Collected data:
lemma left_kernel_eq_span:
  fixes P :: "'a::field^'n^'m" and G :: "nat \<Rightarrow> 'a^'m"
  assumes ker: "\<And>m. m < r \<Longrightarrow> G m v* P = 0"
    and indep: "\<And>a. (\<Sum>m<r. a m *s G m) = 0 \<Longrightarrow> \<forall>m<r. a m = 0"
    and rank: "CARD('m) \<le> r + rank P"
  shows "{u. u v* P = 0} = vec.span (G ` {..<r})"
proof
  have inj: "inj_on G {..<r}"
  proof (rule inj_onI, rule ccontr)
    fix p q assume pq: "p \<in> {..<r}" "q \<in> {..<r}" "G p = G q" "p \<noteq> q"
    define a :: "nat \<Rightarrow> 'a" where "a m = (if m = p then 1 else if m = q then -1 else 0)" for m
    have "(\<Sum>m<r. a m *s G m) = G p - G q"
      using pq by (simp add: a_def if_distrib[of "\<lambda>b. b *s _"] sum.If_cases Int_absorb2 cong: if_cong)
    then have "a p = 0" using indep[of a] pq by simp
    then show False by (simp add: a_def)
  qed
  have "vec.independent (G ` {..<r})"
  proof
    assume "vec.dependent (G ` {..<r})"
    then obtain u where u: "\<exists>v\<in>G ` {..<r}. u v \<noteq> 0" "(\<Sum>v\<in>G ` {..<r}. u v *s v) = 0"
      using vec.dependent_finite[of "G ` {..<r}"] by auto
    then have "\<forall>m<r. u (G m) = 0" using indep[of "u \<circ> G"] by (simp add: sum.reindex[OF inj])
    then show False using u(1) by auto
  qed
  moreover have "vec.dim {u. u v* P = 0} \<le> card (G ` {..<r})"
    using dim_left_kernel_add_rank_le[of P] rank card_image[OF inj] by simp
  moreover have "G ` {..<r} \<subseteq> {u. u v* P = 0}" using ker by auto
  ultimately show "{u. u v* P = 0} \<subseteq> vec.span (G ` {..<r})"
    by (intro vec.card_ge_dim_independent)
next
  have "vec.subspace {u. u v* P = 0}"
    using vec.subspace_kernel[of "transpose P"] by simp
  then show "vec.span (G ` {..<r}) \<subseteq> {u. u v* P = 0}"
    using ker by (intro vec.span_minimal) auto
qed

section \<open>The (1,0)-tangent space of the orbit\<close>

definition cnj_mat :: "complex^'n^'m \<Rightarrow> complex^'n^'m" where
  "cnj_mat M = (\<chi> i j. cnj (M $ i $ j))"

definition complex_vec :: "real^'n \<Rightarrow> complex^'n" where
  "complex_vec X = (\<chi> i. complex_of_real (X $ i))"

lemma cnj_vec_cnj_vec [simp]: "cnj_vec (cnj_vec x) = x"
  by (simp add: vec_eq_iff cnj_vec_def)

lemma cnj_mat_cnj_mat [simp]: "cnj_mat (cnj_mat M) = M"
  by (simp add: vec_eq_iff cnj_mat_def)

lemma cnj_vec_complex_vec [simp]: "cnj_vec (complex_vec X) = complex_vec X"
  by (simp add: vec_eq_iff cnj_vec_def complex_vec_def)

lemma cnj_vec_sum: "cnj_vec (\<Sum>l\<in>A. f l) = (\<Sum>l\<in>A. cnj_vec (f l))"
  by (simp add: vec_eq_iff cnj_vec_def sum_component cnj_sum)

lemma cnj_vec_smult: "cnj_vec (a *s x) = cnj a *s cnj_vec x"
  by (simp add: vec_eq_iff cnj_vec_def)

lemma cnj_vec_vector_matrix_mult: "cnj_vec (x v* M) = cnj_vec x v* cnj_mat M"
  by (simp add: vec_eq_iff cnj_vec_def vector_matrix_mult_def cnj_mat_def cnj_sum)

lemma cnj_vec_zero [simp]: "cnj_vec 0 = 0"
  by (simp add: vec_eq_iff cnj_vec_def)

lemma cnj_image_span:
  fixes P :: "complex^'n^'m"
  assumes "finite A"
  shows "(\<lambda>u. cnj_vec u v* P) ` vec.span (G ` A) = vec.span ((\<lambda>m. cnj_vec (G m) v* P) ` A)"
proof -
  have "cnj_vec (\<Sum>m\<in>A. a m *s G m) v* P = (\<Sum>m\<in>A. cnj (a m) *s (cnj_vec (G m) v* P))" for a
    by (simp add: cnj_vec_sum cnj_vec_smult vector_matrix_mult_sum scalar_vector_matrix_assoc)
  then have "(\<lambda>u. cnj_vec u v* P) ` vec.span (G ` A)
      = range (\<lambda>a. \<Sum>m\<in>A. cnj (a m) *s (cnj_vec (G m) v* P))"
    by (simp add: vec_span_image_finite[OF assms] image_image)
  also have "\<dots> = range (\<lambda>b. \<Sum>m\<in>A. b m *s (cnj_vec (G m) v* P))"
    by (auto intro: range_eqI[where x="\<lambda>m. cnj (_ m)"])
  finally show ?thesis by (simp add: vec_span_image_finite[OF assms])
qed

lemma complexified_real_image_zero_part:
  fixes P :: "complex^'n^'m"
  assumes "(a, 0) \<in> complexified (range (\<lambda>X. complex_vec X v* P))"
  shows "a \<in> (\<lambda>u. cnj_vec u v* P) ` {u. u v* P = 0}"
proof -
  from assms have "\<exists>(k::nat) b w. (a, 0) = (\<Sum>l<k. b l *s w l, \<Sum>l<k. b l *s cnj_vec (w l))
      \<and> (\<forall>l<k. w l \<in> range (\<lambda>X. complex_vec X v* P))"
    unfolding complexified_def by (simp only: mem_Collect_eq)
  then obtain k :: nat and b w where "(a, 0) = (\<Sum>l<k. b l *s w l, \<Sum>l<k. b l *s cnj_vec (w l))"
    and w: "\<forall>l<k. w l \<in> range (\<lambda>X. complex_vec X v* P)"
    by blast
  then have a: "a = (\<Sum>l<k. b l *s w l)" and im: "(\<Sum>l<k. b l *s cnj_vec (w l)) = 0"
    by simp_all
  define X where "X l = inv (\<lambda>X. complex_vec X v* P) (w l)" for l
  have X: "w l = complex_vec (X l) v* P" if "l < k" for l
    using f_inv_into_f[OF w[rule_format, OF that]] by (simp add: X_def)
  define Y where "Y = (\<Sum>l<k. b l *s complex_vec (X l))"
  have "a = Y v* P"
    by (simp add: a Y_def X vector_matrix_mult_sum scalar_vector_matrix_assoc)
  moreover have "Y v* cnj_mat P = 0"
    using im by (simp add: Y_def X vector_matrix_mult_sum scalar_vector_matrix_assoc
        cnj_vec_vector_matrix_mult)
  then have "cnj_vec Y v* P = 0"
    using cnj_vec_vector_matrix_mult[of Y "cnj_mat P"] by simp
  ultimately show ?thesis
    by (intro image_eqI[of _ _ "cnj_vec Y"]) auto
qed

lemma cnj_left_kernel_in_complexified:
  fixes P :: "complex^'n^'m"
  assumes u: "u v* P = 0"
  shows "(cnj_vec u v* P, 0) \<in> complexified (range (\<lambda>X. complex_vec X v* P))"
proof -
  define X0 where "X0 = (\<chi> i. Re (cnj (u $ i)))"
  define X1 where "X1 = (\<chi> i. Im (cnj (u $ i)))"
  define b where "b l = (if l = 0 then 1 else \<i>)" for l :: nat
  define w where "w l = complex_vec (if l = 0 then X0 else X1) v* P" for l :: nat
  have Y: "cnj_vec u = complex_vec X0 + \<i> *s complex_vec X1"
    by (simp add: vec_eq_iff cnj_vec_def complex_vec_def X0_def X1_def complex_eq_iff)
  have "(\<Sum>l<2. b l *s w l) = cnj_vec u v* P"
    by (simp add: numeral_2_eq_2 b_def w_def Y vector_matrix_left_distrib scalar_vector_matrix_assoc)
  moreover have "(\<Sum>l<2. b l *s cnj_vec (w l)) = cnj_vec (u v* P)"
    by (simp add: numeral_2_eq_2 b_def w_def Y cnj_vec_vector_matrix_mult vector_matrix_left_distrib
        scalar_vector_matrix_assoc)
  ultimately have "(cnj_vec u v* P, 0) = (\<Sum>l<2. b l *s w l, \<Sum>l<2. b l *s cnj_vec (w l))"
    using u by simp
  moreover have "\<forall>l<2. w l \<in> range (\<lambda>X. complex_vec X v* P)" by (simp add: w_def)
  ultimately show ?thesis
    unfolding complexified_def by blast
qed

lemma orbit_tangent_eq: "orbit_tangent c z = range (\<lambda>X. complex_vec X v* poisson_matrix c z)"
proof -
  have "coad c X z = complex_vec (- X) v* poisson_matrix c z" for X
    by (simp add: vec_eq_iff coad_def vector_matrix_mult_def poisson_matrix_def complex_vec_def
        sum_distrib_left sum_distrib_right sum_negf mult_ac)
  then show ?thesis
    unfolding orbit_tangent_def by auto (metis minus_minus)
qed

lemma T10_orbit_eq:
  "T10_orbit c z = (\<lambda>u. cnj_vec u v* poisson_matrix c z) ` {u. u v* poisson_matrix c z = 0}"
  unfolding T10_orbit_def orbit_tangent_eq
  using complexified_real_image_zero_part cnj_left_kernel_in_complexified by blast

definition complex_gradient :: "(complex^'n \<Rightarrow> complex) \<Rightarrow> complex^'n \<Rightarrow> complex^'n" where
  "complex_gradient f z = (\<chi> i. wirtinger f i z)"

lemma hamfield_eq: "hamfield c f z = complex_gradient f z v* poisson_matrix c z"
  by (simp add: vec_eq_iff hamfield_def complex_gradient_def vector_matrix_mult_def
      poisson_matrix_def sum_distrib_left sum_distrib_right mult_ac)

lemma complex_gradient_tilde:
  assumes "holo_on g U" "open U" "z \<in> U"
  shows "complex_gradient (tilde g) z = cnj_vec (complex_gradient g z)"
  using wirtinger_tilde[OF assms] by (simp add: vec_eq_iff complex_gradient_def cnj_vec_def)

lemma frechet_derivative_holo_on_eq:
  assumes "holo_on f U" "w \<in> U"
  shows "frechet_derivative f (at w) v = (\<Sum>i\<in>UNIV. v $ i * complex_gradient f w $ i)"
proof -
  let ?L = "frechet_derivative f (at w)"
  have "?L v = ?L (\<Sum>i\<in>UNIV. v $ i *s axis i 1)" by (simp add: basis_expansion)
  also have "\<dots> = (\<Sum>i\<in>UNIV. ?L (v $ i *s axis i 1))"
    by (rule linear_sum[OF has_derivative_linear[OF holo_on_has_derivative[OF assms]]])
  also have "\<dots> = (\<Sum>i\<in>UNIV. v $ i * complex_gradient f w $ i)"
    by (simp add: holo_on_frechet_derivative_smult[OF assms] wirtinger_holo_on[OF assms]
        complex_gradient_def)
  finally show ?thesis .
qed

lemma complex_gradients_independent:
  assumes holo: "\<And>m. m < r \<Longrightarrow> holo_on (g m) U" and z: "z \<in> U"
    and indep: "\<forall>a :: nat \<Rightarrow> complex.
      (\<forall>v. (\<Sum>m<r. a m * frechet_derivative (g m) (at z) v) = 0) \<longrightarrow> (\<forall>m < r. a m = 0)"
    and a: "(\<Sum>m<r. a m *s complex_gradient (g m) z) = 0"
  shows "\<forall>m<r. a m = 0"
proof -
  have "(\<Sum>m<r. a m * frechet_derivative (g m) (at z) v) = 0" for v
  proof -
    have "(\<Sum>m<r. a m * frechet_derivative (g m) (at z) v)
        = (\<Sum>m<r. a m * (\<Sum>i\<in>UNIV. v $ i * complex_gradient (g m) z $ i))"
      by (rule sum.cong) (auto simp: frechet_derivative_holo_on_eq[OF holo z])
    also have "\<dots> = (\<Sum>i\<in>UNIV. v $ i * (\<Sum>m<r. a m *s complex_gradient (g m) z) $ i)"
      by (simp add: sum_component sum_distrib_left mult_ac) (rule sum.swap)
    finally show ?thesis using a by simp
  qed
  then show ?thesis using indep by blast
qed

theorem mainTheorem17:
  fixes c :: "'n::finite \<Rightarrow> 'n \<Rightarrow> 'n \<Rightarrow> real"
    and z0 :: "complex^'n" and U :: "(complex^'n) set"
    and g :: "nat \<Rightarrow> complex^'n \<Rightarrow> complex"
  assumes lie: "lie_structure_constants c"
    and nonab: "nonabelian c"
    and z0_reg: "z0 \<notin> Sing c"
    and U_open: "open U" and z0_U: "z0 \<in> U" and U_reg: "U \<inter> Sing c = {}"
    and holo: "\<forall>m < lie_rank c. holo_on (g m) U"
    and casimir: "\<forall>m < lie_rank c. \<forall>z\<in>U. hamfield c (g m) z = 0"
    and indep: "\<forall>z\<in>U. \<forall>a :: nat \<Rightarrow> complex.
                  (\<forall>v. (\<Sum>m<lie_rank c. a m * frechet_derivative (g m) (at z) v) = 0)
                  \<longrightarrow> (\<forall>m < lie_rank c. a m = 0)"
  shows "\<forall>z \<in> coadjoint_orbit c z0 \<inter> U.
           T10_orbit c z = vec.span {hamfield c (tilde (g m)) z | m. m < lie_rank c}"
proof
  fix z assume "z \<in> coadjoint_orbit c z0 \<inter> U"
  then have z: "z \<in> U" by blast
  define r where "r = lie_rank c"
  define P where "P = poisson_matrix c z"
  define G where "G m = complex_gradient (g m) z" for m
  have "CARD('n) \<le> r + rank P"
    using U_reg z by (auto simp: r_def P_def lie_rank_def Sing_def)
  then have "{u. u v* P = 0} = vec.span (G ` {..<r})"
    using casimir z complex_gradients_independent[of r g U z] holo indep
    by (intro left_kernel_eq_span) (auto simp: G_def P_def r_def hamfield_eq)
  then have "T10_orbit c z = vec.span ((\<lambda>m. cnj_vec (G m) v* P) ` {..<r})"
    by (simp add: T10_orbit_eq cnj_image_span P_def)
  also have "(\<lambda>m. cnj_vec (G m) v* P) ` {..<r} = {hamfield c (tilde (g m)) z | m. m < r}"
  proof -
    have "hamfield c (tilde (g m)) z = cnj_vec (G m) v* P" if "m < r" for m
      using holo that complex_gradient_tilde[OF _ U_open z]
      by (simp add: G_def P_def r_def hamfield_eq)
    then show ?thesis by force
  qed
  finally show "T10_orbit c z = vec.span {hamfield c (tilde (g m)) z | m. m < lie_rank c}"
    by (simp add: r_def)
qed

end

PROBLEM TO WORK ON: Take every line from the records that holds "casimir" and copy it down.

THE ANSWER:
    and casimir: "\<forall>m < lie_rank c. \<forall>z\<in>U. hamfield c (g m) z = 0"
    using casimir z complex_gradients_independent[of r g U z] holo indep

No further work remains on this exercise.